[Stored data]
══════════════════════════════

lemma h_rand_choice_fault_network:
  assumes "finite Cb" "Ks \<subseteq> Cb" "0 \<le> r" "r \<le> 1"
  shows "bind_pmf (fault_network Cb Eb T r) (h_rand_choice Ks T)
           = bind_pmf (bernoulli_pmf (r ^ card Ks))
               (\<lambda>nobody. if nobody then return_pmf None
                          else h_rand_choice Ks T (base_network Cb Eb))"
    (is "?Q = bind_pmf _ (\<lambda>nobody. if nobody then _ else ?Q\<^sub>0)")
proof (rule pmf_eqI)
  fix ch
  have finite_Ks: "finite Ks"
    using assms(1,2) finite_subset by blast
  have "0 \<le> r ^ card Ks" "r ^ card Ks \<le> 1"
    using assms(3,4) by (auto intro: power_le_one)
  then have mixture: "pmf (bind_pmf (bernoulli_pmf (r ^ card Ks))
        (\<lambda>nobody. if nobody then return_pmf None else ?Q\<^sub>0)) ch
      = r ^ card Ks * pmf (return_pmf None) ch + (1 - r ^ card Ks) * pmf ?Q\<^sub>0 ch"
    by (simp add: pmf_bind)
  have "pmf ?Q ch = r ^ card Ks * pmf (return_pmf None) ch + (1 - r ^ card Ks) * pmf ?Q\<^sub>0 ch"
  proof (cases ch)
    case None
    then show ?thesis
      using assms(2)
      by (simp add: pmf_h_rand_choice_fault_network_None[OF assms] pmf_h_rand_choice_None
          active_set_base_network)
  next
    case (Some k)
    show ?thesis
    proof (cases "k \<in> Ks")
      case True
      then show ?thesis
        using assms(2) finite_Ks Some
        by (simp add: pmf_h_rand_choice_fault_network_Some[OF assms True] pmf_h_rand_choice_Some
            active_set_base_network)
    next
      case False
      then have "pmf ?Q ch = 0"
        using set_pmf_bind_h_rand_choice[OF finite_Ks] Some by (auto simp: pmf_eq_0_set_pmf)
      then show ?thesis
        using assms(2) finite_Ks Some False
        by (simp add: pmf_h_rand_choice_Some active_set_base_network)
    qed
  qed
  then show "pmf ?Q ch = pmf (bind_pmf (bernoulli_pmf (r ^ card Ks))
        (\<lambda>nobody. if nobody then return_pmf None else ?Q\<^sub>0)) ch"
    unfolding mixture .
qed
lemma block_pos_eq_size_if_next_starts:
  assumes "1 \<le> N" and "block_pos q (Suc N) = 1"
  shows "block_pos q N = block_size q N"
proof -
  let ?a = "block_size q (Suc N)" and ?b = "block_index q (Suc N)"
  have phi: "L_seq q (?a - 1) + (?b - 1) * ?a + 1 = Suc N"
    using phi_Q_block_coords[of "Suc N" q] assms(2) by (simp add: phi_Q_def)
  have "1 \<le> ?a" "1 \<le> ?b" "?b \<le> l_seq q ?a"
    using block_size_pos block_index_pos block_index_le by auto
  show ?thesis
  proof (cases "?b = 1")
    case False
    then have "(?a, ?b - 1, ?a) \<in> S_Q q"
      using \<open>1 \<le> ?a\<close> \<open>1 \<le> ?b\<close> \<open>?b \<le> l_seq q ?a\<close> by (auto simp: S_Q_def)
    moreover have "phi_Q q (?a, ?b - 1, ?a) = N"
      using phi pred_mult_add[of "?b - 1" ?a] False \<open>1 \<le> ?b\<close> by (simp add: phi_Q_def add.assoc)
    ultimately show ?thesis using block_coords_eqI by metis
  next
    case True
    obtain a' where a': "?a = Suc a'" using \<open>1 \<le> ?a\<close> by (cases ?a) auto
    have N: "N = L_seq q a'" using phi True a' by simp
    then have "1 \<le> a'" using assms(1) by (cases a') auto
    then have "(a', l_seq q a', a') \<in> S_Q q"
      using l_seq_pos[of a' q] by (auto simp: S_Q_def)
    moreover have "phi_Q q (a', l_seq q a', a') = N"
      using N L_seq_pred[OF \<open>1 \<le> a'\<close>, of q] pred_mult_add[OF l_seq_pos[OF \<open>1 \<le> a'\<close>], of q a']
      by (simp add: phi_Q_def mult.commute add.assoc)
    ultimately show ?thesis using block_coords_eqI by metis
  qed
qed

lemma block_members:
  assumes "1 \<le> N" and "block_pos q N = block_size q N" and "j < block_size q N"
  shows "block_size q (N - block_size q N + Suc j) = block_size q N"
    and "block_pos q (N - block_size q N + Suc j) = Suc j"
proof -
  let ?a = "block_size q N" and ?b = "block_index q N"
  have "(?a, ?b, Suc j) \<in> S_Q q"
    using block_coords_mem[OF assms(1), of q] assms(3) by (auto simp: S_Q_def)
  moreover have "phi_Q q (?a, ?b, Suc j) = N - ?a + Suc j"
    using phi_Q_block_coords[OF assms(1), of q] assms(2,3) by (auto simp: phi_Q_def)
  ultimately show "block_size q (N - ?a + Suc j) = ?a" "block_pos q (N - ?a + Suc j) = Suc j"
    by (rule block_coords_eqI)+
qed

lemma block_size_sq_less:
  assumes "1 \<le> p"
  shows "block_size q p ^ 2 < 3 * p"
proof -
  obtain a where a: "block_size q p = Suc a"
    using block_size_pos[OF assms, of q] by (cases "block_size q p") auto
  have tri: "a * (a + 1) \<le> 2 * L_seq q a" by (rule triangular_le_L_seq)
  have L: "L_seq q a < p" using L_seq_block_size_pred_less[OF assms, of q] a by simp
  have "2 * a \<le> a * (a + 1)" by (cases a) auto
  then have "a + 1 \<le> p" using tri L by linarith
  with tri L show ?thesis by (simp add: a power2_eq_square)
qed

lemma filterlim_block_size: "filterlim (block_size q) at_top sequentially"
  unfolding filterlim_at_top eventually_sequentially
proof (intro allI exI impI)
  fix J p assume "Suc (L_seq q J) \<le> p"
  then have "L_seq q J < L_seq q (block_size q p)"
    using le_L_seq_block_size[of p q] by simp
  then show "J \<le> block_size q p"
    using L_seq_mono[of "block_size q p" J q] by linarith
qed

lemma nu_spec:
  assumes "infinite_in_limit q" and "nu q j \<le> m"
  shows "2 * j ^ 2 \<le> q m"
proof -
  have "\<forall>\<^sub>F m in sequentially. 2 * j ^ 2 \<le> q m"
    using assms(1) by (simp add: infinite_in_limit_def filterlim_at_top)
  then obtain N where "\<forall>m\<ge>N. 2 * j ^ 2 \<le> q m"
    by (auto simp: eventually_sequentially)
  then have "\<exists>N. 1 \<le> N \<and> (\<forall>m\<ge>N. 2 * j ^ 2 \<le> q m)"
    by (intro exI[of _ "max N 1"]) auto
  then have "\<forall>m\<ge>nu q j. 2 * j ^ 2 \<le> q m"
    unfolding nu_def by (rule LeastI2_ex) auto
  with assms(2) show ?thesis by blast
qed

lemma nu_one_le: "basic_sequence q \<Longrightarrow> nu q 1 \<le> 1"
  unfolding nu_def by (rule Least_le) (auto simp: basic_sequence_def)

lemma two_block_size_sq_le:
  assumes "basic_sequence q" and "infinite_in_limit q" and "1 \<le> p"
  shows "2 * block_size q p ^ 2 \<le> q p"
proof (rule nu_spec[OF assms(2)])
  let ?a = "block_size q p"
  show "nu q ?a \<le> p"
  proof (cases "?a = 1")
    case True
    then show ?thesis using nu_one_le[OF assms(1)] assms(3) by simp
  next
    case False
    then obtain a where a: "?a = Suc a" and "1 \<le> a"
      using block_size_pos[OF assms(3), of q] by (cases ?a) auto
    then have "nu q ?a \<le> L_seq q a + 1"
      using nu_le_Suc_L_seq[of a q] by simp
    then show ?thesis
      using L_seq_block_size_pred_less[OF assms(3), of q] a by simp
  qed
qed

section \<open>Cantor series with admissible digits\<close>

locale cantor_expansion =
  fixes q :: "nat \<Rightarrow> nat" and E :: "nat \<Rightarrow> int"
  assumes basic: "basic_sequence q"
    and digit_nonneg: "1 \<le> n \<Longrightarrow> 0 \<le> E n"
    and digit_less: "1 \<le> n \<Longrightarrow> E n < int (q n)"
begin

definition qprod :: "nat \<Rightarrow> real" where
  "qprod n = (\<Prod>i=1..n. real (q i))"

definition digit_term :: "nat \<Rightarrow> real" where
  "digit_term k = real_of_int (E (Suc k)) / qprod (Suc k)"

definition tail :: "nat \<Rightarrow> real" where
  "tail n = qprod n * (\<Sum>k. digit_term (k + n))"

lemma q_ge_2: "1 \<le> n \<Longrightarrow> 2 \<le> real (q n)"
  using basic by (simp add: basic_sequence_def)

lemma qprod_0 [simp]: "qprod 0 = 1"
  by (simp add: qprod_def)

lemma qprod_Suc: "qprod (Suc n) = qprod n * real (q (Suc n))"
  by (simp add: qprod_def prod.cl_ivl_Suc)

lemma qprod_ge_power: "2 ^ n \<le> qprod n"
proof (induction n)
  case (Suc n)
  have "0 \<le> qprod n"
    using Suc.IH zero_le_power[of "2 :: real" n] by linarith
  with Suc.IH have "2 ^ n * 2 \<le> qprod n * real (q (Suc n))"
    using q_ge_2[of "Suc n"] by (intro mult_mono) auto
  then show ?case by (simp add: qprod_Suc mult.commute)
qed simp

lemma qprod_pos: "0 < qprod n"
  using qprod_ge_power[of n] by (smt (verit) zero_less_power)

lemma inverse_qprod_tendsto_0: "(\<lambda>n. 1 / qprod n) \<longlonglongrightarrow> 0"
proof (rule tendsto_sandwich[of "\<lambda>_. 0" _ _ "\<lambda>n. (1 / 2) ^ n"])
  show "\<forall>\<^sub>F n in sequentially. 0 \<le> 1 / qprod n"
    using qprod_pos by (simp add: less_imp_le)
  show "\<forall>\<^sub>F n in sequentially. 1 / qprod n \<le> (1 / 2) ^ n"
    using qprod_ge_power qprod_pos by (simp add: power_one_over frac_le)
qed (simp_all add: LIMSEQ_power_zero)

lemma digit_term_nonneg: "0 \<le> digit_term k"
  using digit_nonneg[of "Suc k"] qprod_pos[of "Suc k"] by (simp add: digit_term_def)

lemma digit_term_le: "digit_term k \<le> 1 / qprod k - 1 / qprod (Suc k)"
proof -
  have "real_of_int (E (Suc k)) \<le> real (q (Suc k)) - 1"
    using digit_less[of "Suc k"] by linarith
  then have "digit_term k \<le> (real (q (Suc k)) - 1) / (qprod k * real (q (Suc k)))"
    unfolding digit_term_def qprod_Suc using qprod_pos[of k] q_ge_2[of "Suc k"]
    by (intro divide_right_mono) auto
  also have "\<dots> = 1 / qprod k - 1 / qprod (Suc k)"
    using qprod_pos[of k] q_ge_2[of "Suc k"] by (simp add: qprod_Suc field_simps)
  finally show ?thesis .
qed

lemma inverse_qprod_telescope: "(\<lambda>i. 1 / qprod (i + n) - 1 / qprod (Suc i + n)) sums (1 / qprod n)"
  using telescope_sums'[OF LIMSEQ_ignore_initial_segment[OF inverse_qprod_tendsto_0, of n]]
  by simp

lemma summable_digit_term: "summable (\<lambda>k. digit_term (k + n))"
  using inverse_qprod_telescope[of n] digit_term_nonneg digit_term_le
  by (intro summable_comparison_test'[OF sums_summable]) auto

lemma tail_nonneg: "0 \<le> tail n"
  unfolding tail_def using qprod_pos[of n] summable_digit_term digit_term_nonneg
  by (intro mult_nonneg_nonneg suminf_nonneg) (auto simp: less_imp_le)

lemma tail_le_1: "tail n \<le> 1"
proof -
  have "(\<Sum>k. digit_term (k + n)) \<le> 1 / qprod n"
    using summable_digit_term digit_term_le inverse_qprod_telescope[of n]
    by (intro suminf_le_const[of _ _] sums_le[OF _ summable_sums]) auto
  then show ?thesis
    unfolding tail_def using qprod_pos[of n] by (simp add: field_simps)
qed
lemma idempotent_mult:
  assumes e: "e \<diamond> e = e" and f: "f \<diamond> f = f"
  shows "(e \<diamond> f) \<diamond> (e \<diamond> f) = e \<diamond> f"
proof -
  define x where "x = (e \<diamond> f)\<^sup>\<diamond>"
  have x1: "e \<diamond> f \<diamond> x \<diamond> e \<diamond> f = e \<diamond> f"
    using mult_sg_inv_mult[of "e \<diamond> f"] unfolding x_def by (simp only: assoc)
  have x2: "x \<diamond> e \<diamond> f \<diamond> x = x"
    using sg_inv_mult_sg_inv[of "e \<diamond> f"] unfolding x_def by (simp only: assoc)
  have "x \<diamond> e \<diamond> f \<diamond> x \<diamond> z = x \<diamond> z" for z
    by (metis assoc x2)
  then have "f \<diamond> x \<diamond> e = (e \<diamond> f)\<^sup>\<diamond>"
    by (intro sg_inv_unique) (simp_all add: x1 idempotent_mult_left[OF e] idempotent_mult_left[OF f])
  then have fxe: "f \<diamond> x \<diamond> e = x"
    by (simp add: x_def)
  have idem: "x \<diamond> x = x"
  proof -
    have "x \<diamond> x = (f \<diamond> x \<diamond> e) \<diamond> (f \<diamond> x \<diamond> e)"
      by (simp only: fxe)
    also have "\<dots> = f \<diamond> (x \<diamond> e \<diamond> f \<diamond> x) \<diamond> e"
      by simp
    also have "\<dots> = x"
      by (simp only: x2 fxe)
    finally show ?thesis .
  qed
  have "e \<diamond> f = x"
    using sg_inv_idempotent[OF idem] by (simp add: x_def)
  with idem show ?thesis by simp
qed

lemma idempotents_commute:
  assumes e: "e \<diamond> e = e" and f: "f \<diamond> f = f"
  shows "e \<diamond> f = f \<diamond> e"
proof -
  have ef: "(e \<diamond> f) \<diamond> (e \<diamond> f) = e \<diamond> f" and fe: "(f \<diamond> e) \<diamond> (f \<diamond> e) = f \<diamond> e"
    using idempotent_mult e f by auto
  have "f \<diamond> e = (e \<diamond> f)\<^sup>\<diamond>"
    by (rule sg_inv_unique)
      (use ef fe in \<open>simp_all add: idempotent_mult_left[OF e] idempotent_mult_left[OF f]\<close>)
  then show ?thesis
    using sg_inv_idempotent[OF ef] by simp
qed

lemma idempotents_commute_left:
  "e \<diamond> e = e \<Longrightarrow> f \<diamond> f = f \<Longrightarrow> e \<diamond> f \<diamond> z = f \<diamond> e \<diamond> z"
  by (metis assoc idempotents_commute)

lemma sg_inv_mult: "(x \<diamond> y)\<^sup>\<diamond> = y\<^sup>\<diamond> \<diamond> x\<^sup>\<diamond>"
proof (rule sg_inv_unique[symmetric])
  show "(x \<diamond> y) \<diamond> (y\<^sup>\<diamond> \<diamond> x\<^sup>\<diamond>) \<diamond> (x \<diamond> y) = x \<diamond> y"
    using idempotents_commute_left[OF idempotent_mult_sg_inv[of y] idempotent_sg_inv_mult[of x], of y]
    by simp
  show "(y\<^sup>\<diamond> \<diamond> x\<^sup>\<diamond>) \<diamond> (x \<diamond> y) \<diamond> (y\<^sup>\<diamond> \<diamond> x\<^sup>\<diamond>) = y\<^sup>\<diamond> \<diamond> x\<^sup>\<diamond>"
    using idempotents_commute_left[OF idempotent_sg_inv_mult[of x] idempotent_mult_sg_inv[of y], of "x\<^sup>\<diamond>"]
    by simp
qed

lemma sg_inv_absorb_left: "x \<diamond> x\<^sup>\<diamond> \<diamond> y = y \<Longrightarrow> y\<^sup>\<diamond> \<diamond> x \<diamond> x\<^sup>\<diamond> = y\<^sup>\<diamond>"
  by (metis sg_inv_mult sg_inv_sg_inv assoc)

lemma sg_inv_absorb_right: "y \<diamond> x\<^sup>\<diamond> \<diamond> x = y \<Longrightarrow> x\<^sup>\<diamond> \<diamond> x \<diamond> y\<^sup>\<diamond> = y\<^sup>\<diamond>"
  by (metis sg_inv_mult sg_inv_sg_inv assoc)

lemma idempotent_conj:
  assumes "e \<diamond> e = e"
  shows "(x \<diamond> e \<diamond> x\<^sup>\<diamond>) \<diamond> (x \<diamond> e \<diamond> x\<^sup>\<diamond>) = x \<diamond> e \<diamond> x\<^sup>\<diamond>"
proof -
  have "(x \<diamond> e \<diamond> x\<^sup>\<diamond>) \<diamond> (x \<diamond> e \<diamond> x\<^sup>\<diamond>) = x \<diamond> (e \<diamond> (x\<^sup>\<diamond> \<diamond> x)) \<diamond> e \<diamond> x\<^sup>\<diamond>"
    by simp
  also have "\<dots> = x \<diamond> ((x\<^sup>\<diamond> \<diamond> x) \<diamond> e) \<diamond> e \<diamond> x\<^sup>\<diamond>"
    by (simp only: idempotents_commute[OF assms idempotent_sg_inv_mult])
  finally show ?thesis
    by (simp add: idempotent_mult_left[OF assms])
qed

══════════════════════════════

▶ Problem to solve
State the number of lines in the preceding data that contain the word "open", and nothing besides.

▶ Result for this task
6